# [Task statement]
Your task is to copy the stretch of lines in the records below that begins with the line containing "then show ?thesis by auto" and ends with the line containing "(3 ^ 'n::finite", exactly as written, with nothing added.

# [Records supplied]
lemma card_reduced_exps_degree_gt:
  assumes "d \<le> 2 * CARD('n)"
  shows "card {e \<in> (reduced_exps :: ('n::finite \<Rightarrow> nat) set). d < sum e UNIV}
    = card {e \<in> (reduced_exps :: ('n \<Rightarrow> nat) set). sum e UNIV < 2 * CARD('n) - d}"
proof -
  define flip where "flip e = (\<lambda>i. 2 - e i)" for e :: "'n \<Rightarrow> nat"
  have deg_le: "sum e UNIV \<le> 2 * CARD('n)" if "e \<in> reduced_exps" for e :: "'n \<Rightarrow> nat"
    using sum_mono[of "UNIV :: 'n set" e "\<lambda>_. 2"] that by (simp add: reduced_exps_def mult.commute)
  have flip_reduced: "flip e \<in> reduced_exps" for e by (simp add: flip_def reduced_exps_def)
  have flip_flip: "flip (flip e) = e" if "e \<in> reduced_exps" for e
    using that by (auto simp: flip_def reduced_exps_def)
  have deg_flip: "sum (flip e) UNIV = 2 * CARD('n) - sum e UNIV" if "e \<in> reduced_exps" for e
  proof -
    have "sum (flip e) UNIV + sum e UNIV = (\<Sum>i\<in>(UNIV :: 'n set). 2)"
      using that by (simp add: flip_def reduced_exps_def sum.distrib[symmetric])
    then show ?thesis by simp
  qed
  have "flip e \<in> {e \<in> reduced_exps. sum e UNIV < 2 * CARD('n) - d}"
    if "e \<in> reduced_exps" "d < sum e UNIV" for e
    using that deg_le[OF that(1)] by (simp add: flip_reduced deg_flip)
  moreover have "flip e \<in> {e \<in> reduced_exps. d < sum e UNIV}"
    if "e \<in> reduced_exps" "sum e UNIV < 2 * CARD('n) - d" for e
    using that assms by (simp add: flip_reduced deg_flip)
  ultimately show ?thesis
    by (intro bij_betw_same_card[of flip] bij_betw_byWitness[of _ flip]) (auto simp: flip_flip)
qed

text \<open>With \<open>3k = 2n\<close>, degrees above \<open>2k\<close> are mirror images of degrees below \<open>k\<close>.\<close>
lemma card_exps_upto_double_plus:
  assumes "3 * k = 2 * CARD('n)"
  shows "card (exps_upto (2 * k) :: ('n::finite \<Rightarrow> nat) set) + card (exps_upto k :: ('n \<Rightarrow> nat) set)
    = 3 ^ CARD('n) + trinomial CARD('n) k"
proof -
  let ?E = "reduced_exps :: ('n \<Rightarrow> nat) set"
  have "2 * CARD('n) - 2 * k = k" using assms by simp
  have "card ?E = card (exps_upto (2 * k) :: ('n \<Rightarrow> nat) set) + card {e \<in> ?E. 2 * k < sum e UNIV}"
    unfolding exps_upto_def by (subst card_Un_disjoint[symmetric]) (auto intro: arg_cong[where f=card])
  also have "card {e \<in> ?E. 2 * k < sum e UNIV} = card {e \<in> ?E. sum e UNIV \<in> {..<k}}"
    using card_reduced_exps_degree_gt[where 'n='n, of "2 * k"] assms
    by (simp add: \<open>2 * CARD('n) - 2 * k = k\<close>)
  also have "\<dots> = (\<Sum>j<k. trinomial CARD('n) j)"
    by (rule card_reduced_exps_degree_in) simp
  finally show ?thesis
    using card_exps_upto[where 'n='n, of k] by (simp add: card_reduced_exps flip: lessThan_Suc_atMost)
qed

section \<open>Reduced polynomial functions on \<open>\<bbbF>\<^sub>3\<^sup>n\<close>\<close>

lemma F3_cases: "(x :: 3) = 0 \<or> x = 1 \<or> x = 2"
proof -
  have "x = 1 \<or> x = 2 \<or> x = 3" by (rule exhaust_3)
  then show ?thesis by auto
qed

lemma F3_square_nonzero: "(x :: 3) \<noteq> 0 \<Longrightarrow> x * x = 1"
  using F3_cases[of x] by auto

lemma F3_vec_neg_double: "- x + - x = (x :: 3 ^ 'n)"
proof -
  have "- y + - y = y" for y :: 3 using F3_cases[of y] by auto
  then show ?thesis by (simp add: vec_eq_iff)
qed

definition monomial_fun :: "('n::finite \<Rightarrow> nat) \<Rightarrow> 'a::comm_semiring_1 ^ 'n \<Rightarrow> 'a" where
  "monomial_fun e x = (\<Prod>i\<in>UNIV. x $ i ^ e i)"

definition poly_fun :: "('n::finite \<Rightarrow> nat) set \<Rightarrow> (('n \<Rightarrow> nat) \<Rightarrow> 'a) \<Rightarrow> 'a ^ 'n \<Rightarrow> 'a::comm_semiring_1" where
  "poly_fun S c x = (\<Sum>e\<in>S. c e * monomial_fun e x)"

definition reduced_polys :: "nat \<Rightarrow> (3 ^ 'n::finite \<Rightarrow> 3) set" where
  "reduced_polys d = poly_fun (exps_upto d) ` (exps_upto d \<rightarrow>\<^sub>E UNIV)"

lemma poly_fun_restrict: "poly_fun S (restrict c S) = poly_fun S c"
  unfolding poly_fun_def by (intro ext sum.cong) auto

lemma poly_fun_in_image: "poly_fun S c \<in> poly_fun S ` (S \<rightarrow>\<^sub>E UNIV)"
  by (rule image_eqI[of _ _ "restrict c S"]) (simp_all add: poly_fun_restrict)

lemma lin_closed_poly_funs:
  fixes S :: "('n::finite \<Rightarrow> nat) set"
  shows "lin_closed (poly_fun S ` (S \<rightarrow>\<^sub>E (UNIV :: 'a::comm_ring_1 set)))"
  unfolding lin_closed_def
proof clarify
  fix c c' :: "('n \<Rightarrow> nat) \<Rightarrow> 'a" and k
  have "(\<lambda>x. poly_fun S c x + k * poly_fun S c' x) = poly_fun S (\<lambda>e. c e + k * c' e)"
    by (simp add: poly_fun_def fun_eq_iff sum.distrib sum_distrib_left distrib_right mult.assoc)
  then show "(\<lambda>x. poly_fun S c x + k * poly_fun S c' x) \<in> poly_fun S ` (S \<rightarrow>\<^sub>E UNIV)"
    by (simp add: poly_fun_in_image)
qed

lemma indicator_in_poly_funs:
  fixes a :: "3 ^ 'n::finite"
  shows "(\<lambda>x. if x = a then 1 else 0) \<in> poly_fun reduced_exps ` (reduced_exps \<rightarrow>\<^sub>E (UNIV :: 3 set))"
proof -
  define p where "p i j = (if j = 0 then 1 - (a $ i)\<^sup>2 else if j = 1 then 2 * a $ i else - 1 :: 3)"
    for i and j :: nat
  have factor: "1 - (x $ i - a $ i)\<^sup>2 = (\<Sum>j\<le>2. p i j * x $ i ^ j)" for x :: "3 ^ 'n" and i
    by (simp add: p_def numeral_2_eq_2 atMost_Suc algebra_simps power2_eq_square)
  have "(\<lambda>x. if x = a then 1 else 0) = (\<lambda>x. \<Prod>i\<in>UNIV. 1 - (x $ i - a $ i)\<^sup>2)"
  proof
    fix x :: "3 ^ 'n"
    show "(if x = a then 1 else 0) = (\<Prod>i\<in>UNIV. 1 - (x $ i - a $ i)\<^sup>2)"
    proof (cases "x = a")
      case False
      then obtain i where "x $ i - a $ i \<noteq> 0" by (auto simp: vec_eq_iff)
      then have "1 - (x $ i - a $ i)\<^sup>2 = 0" by (simp add: power2_eq_square F3_square_nonzero)
      then have "(\<Prod>i\<in>UNIV. 1 - (x $ i - a $ i)\<^sup>2) = 0" by (intro prod_zero) auto
      with False show ?thesis by simp
    qed simp
  qed
  also have "\<dots> = (\<lambda>x. \<Sum>g\<in>reduced_exps. \<Prod>i\<in>UNIV. p i (g i) * x $ i ^ g i)"
    unfolding factor reduced_exps_eq_PiE by (intro ext prod_sum_PiE) auto
  also have "\<dots> = poly_fun reduced_exps (\<lambda>g. \<Prod>i\<in>UNIV. p i (g i))"
    by (simp add: fun_eq_iff poly_fun_def monomial_fun_def prod.distrib)
  finally show ?thesis by (simp only: poly_fun_in_image)
qed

# [Answer box]
  then show ?thesis by auto
qed

lemma F3_square_nonzero: "(x :: 3) \<noteq> 0 \<Longrightarrow> x * x = 1"
  using F3_cases[of x] by auto

lemma F3_vec_neg_double: "- x + - x = (x :: 3 ^ 'n)"
proof -
  have "- y + - y = y" for y :: 3 using F3_cases[of y] by auto
  then show ?thesis by (simp add: vec_eq_iff)
qed

definition monomial_fun :: "('n::finite \<Rightarrow> nat) \<Rightarrow> 'a::comm_semiring_1 ^ 'n \<Rightarrow> 'a" where
  "monomial_fun e x = (\<Prod>i\<in>UNIV. x $ i ^ e i)"

definition poly_fun :: "('n::finite \<Rightarrow> nat) set \<Rightarrow> (('n \<Rightarrow> nat) \<Rightarrow> 'a) \<Rightarrow> 'a ^ 'n \<Rightarrow> 'a::comm_semiring_1" where
  "poly_fun S c x = (\<Sum>e\<in>S. c e * monomial_fun e x)"

definition reduced_polys :: "nat \<Rightarrow> (3 ^ 'n::finite \<Rightarrow> 3) set" where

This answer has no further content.